======== Data supplied ========

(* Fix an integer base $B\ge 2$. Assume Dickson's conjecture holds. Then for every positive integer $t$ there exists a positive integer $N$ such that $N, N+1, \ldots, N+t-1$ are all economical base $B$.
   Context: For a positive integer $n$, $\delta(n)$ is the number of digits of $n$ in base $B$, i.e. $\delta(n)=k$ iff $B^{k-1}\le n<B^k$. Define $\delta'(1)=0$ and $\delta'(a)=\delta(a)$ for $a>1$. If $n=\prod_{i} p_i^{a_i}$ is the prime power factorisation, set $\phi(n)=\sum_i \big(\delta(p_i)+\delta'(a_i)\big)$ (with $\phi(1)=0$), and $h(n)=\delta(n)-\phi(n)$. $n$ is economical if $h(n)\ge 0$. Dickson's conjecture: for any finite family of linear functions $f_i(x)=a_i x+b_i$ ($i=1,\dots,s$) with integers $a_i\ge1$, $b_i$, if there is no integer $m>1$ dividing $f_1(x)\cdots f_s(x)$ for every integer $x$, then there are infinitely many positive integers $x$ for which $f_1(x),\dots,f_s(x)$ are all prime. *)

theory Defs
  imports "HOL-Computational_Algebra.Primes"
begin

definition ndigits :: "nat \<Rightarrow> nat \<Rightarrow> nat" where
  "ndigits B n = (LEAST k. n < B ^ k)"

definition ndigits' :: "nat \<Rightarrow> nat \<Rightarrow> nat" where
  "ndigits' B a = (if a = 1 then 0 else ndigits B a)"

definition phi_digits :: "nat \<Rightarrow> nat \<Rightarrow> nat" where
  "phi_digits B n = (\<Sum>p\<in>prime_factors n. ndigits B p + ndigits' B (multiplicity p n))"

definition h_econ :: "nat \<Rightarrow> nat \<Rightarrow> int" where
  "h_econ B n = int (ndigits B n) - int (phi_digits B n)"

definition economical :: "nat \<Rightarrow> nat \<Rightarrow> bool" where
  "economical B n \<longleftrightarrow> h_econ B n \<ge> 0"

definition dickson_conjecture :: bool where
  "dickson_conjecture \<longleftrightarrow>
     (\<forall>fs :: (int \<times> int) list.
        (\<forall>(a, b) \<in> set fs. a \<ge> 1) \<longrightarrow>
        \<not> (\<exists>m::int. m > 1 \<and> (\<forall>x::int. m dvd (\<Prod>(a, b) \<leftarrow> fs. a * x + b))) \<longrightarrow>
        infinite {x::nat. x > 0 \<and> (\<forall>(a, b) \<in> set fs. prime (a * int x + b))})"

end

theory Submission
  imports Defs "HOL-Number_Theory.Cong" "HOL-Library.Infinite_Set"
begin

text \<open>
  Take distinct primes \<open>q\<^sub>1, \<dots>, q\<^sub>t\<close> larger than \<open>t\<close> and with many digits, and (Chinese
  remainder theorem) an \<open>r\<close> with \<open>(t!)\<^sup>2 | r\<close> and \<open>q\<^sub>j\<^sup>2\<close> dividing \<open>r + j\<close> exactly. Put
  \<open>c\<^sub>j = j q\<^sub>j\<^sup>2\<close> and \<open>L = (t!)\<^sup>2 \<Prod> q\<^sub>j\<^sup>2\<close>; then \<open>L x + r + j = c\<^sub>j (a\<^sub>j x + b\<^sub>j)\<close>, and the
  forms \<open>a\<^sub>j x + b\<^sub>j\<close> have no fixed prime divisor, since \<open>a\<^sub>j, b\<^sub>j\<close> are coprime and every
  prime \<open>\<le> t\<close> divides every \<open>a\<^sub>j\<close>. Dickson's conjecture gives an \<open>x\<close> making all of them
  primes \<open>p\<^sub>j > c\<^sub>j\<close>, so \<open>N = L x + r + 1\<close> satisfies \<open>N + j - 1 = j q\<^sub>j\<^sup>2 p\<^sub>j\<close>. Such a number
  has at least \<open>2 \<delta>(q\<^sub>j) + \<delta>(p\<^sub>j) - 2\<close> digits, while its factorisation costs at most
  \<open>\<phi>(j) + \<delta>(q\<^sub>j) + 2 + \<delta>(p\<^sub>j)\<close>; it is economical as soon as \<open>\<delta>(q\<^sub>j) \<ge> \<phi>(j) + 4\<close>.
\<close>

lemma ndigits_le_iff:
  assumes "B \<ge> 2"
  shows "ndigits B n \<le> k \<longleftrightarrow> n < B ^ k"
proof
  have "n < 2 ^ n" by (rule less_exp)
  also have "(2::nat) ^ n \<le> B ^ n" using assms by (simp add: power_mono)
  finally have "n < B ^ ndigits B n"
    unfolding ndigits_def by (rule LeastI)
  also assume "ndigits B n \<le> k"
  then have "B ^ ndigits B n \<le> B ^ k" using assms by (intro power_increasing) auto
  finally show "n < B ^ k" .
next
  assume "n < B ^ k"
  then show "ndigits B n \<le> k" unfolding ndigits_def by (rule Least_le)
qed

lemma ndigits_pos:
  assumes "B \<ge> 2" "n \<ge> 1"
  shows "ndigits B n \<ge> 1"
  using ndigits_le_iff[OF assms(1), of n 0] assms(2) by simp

========

» **Task description**: Give back exactly the lines of the listing above, starting with its first line and ending with the line that holds "(\<forall>(a, b) \<in> set fs. a".

» **Solution for this problem**:
(* Fix an integer base $B\ge 2$. Assume Dickson's conjecture holds. Then for every positive integer $t$ there exists a positive integer $N$ such that $N, N+1, \ldots, N+t-1$ are all economical base $B$.
   Context: For a positive integer $n$, $\delta(n)$ is the number of digits of $n$ in base $B$, i.e. $\delta(n)=k$ iff $B^{k-1}\le n<B^k$. Define $\delta'(1)=0$ and $\delta'(a)=\delta(a)$ for $a>1$. If $n=\prod_{i} p_i^{a_i}$ is the prime power factorisation, set $\phi(n)=\sum_i \big(\delta(p_i)+\delta'(a_i)\big)$ (with $\phi(1)=0$), and $h(n)=\delta(n)-\phi(n)$. $n$ is economical if $h(n)\ge 0$. Dickson's conjecture: for any finite family of linear functions $f_i(x)=a_i x+b_i$ ($i=1,\dots,s$) with integers $a_i\ge1$, $b_i$, if there is no integer $m>1$ dividing $f_1(x)\cdots f_s(x)$ for every integer $x$, then there are infinitely many positive integers $x$ for which $f_1(x),\dots,f_s(x)$ are all prime. *)

theory Defs
  imports "HOL-Computational_Algebra.Primes"
begin

definition ndigits :: "nat \<Rightarrow> nat \<Rightarrow> nat" where
  "ndigits B n = (LEAST k. n < B ^ k)"

definition ndigits' :: "nat \<Rightarrow> nat \<Rightarrow> nat" where
  "ndigits' B a = (if a = 1 then 0 else ndigits B a)"

definition phi_digits :: "nat \<Rightarrow> nat \<Rightarrow> nat" where
  "phi_digits B n = (\<Sum>p\<in>prime_factors n. ndigits B p + ndigits' B (multiplicity p n))"

definition h_econ :: "nat \<Rightarrow> nat \<Rightarrow> int" where
  "h_econ B n = int (ndigits B n) - int (phi_digits B n)"

definition economical :: "nat \<Rightarrow> nat \<Rightarrow> bool" where
  "economical B n \<longleftrightarrow> h_econ B n \<ge> 0"

definition dickson_conjecture :: bool where
  "dickson_conjecture \<longleftrightarrow>
     (\<forall>fs :: (int \<times> int) list.
        (\<forall>(a, b) \<in> set fs. a \<ge> 1) \<longrightarrow>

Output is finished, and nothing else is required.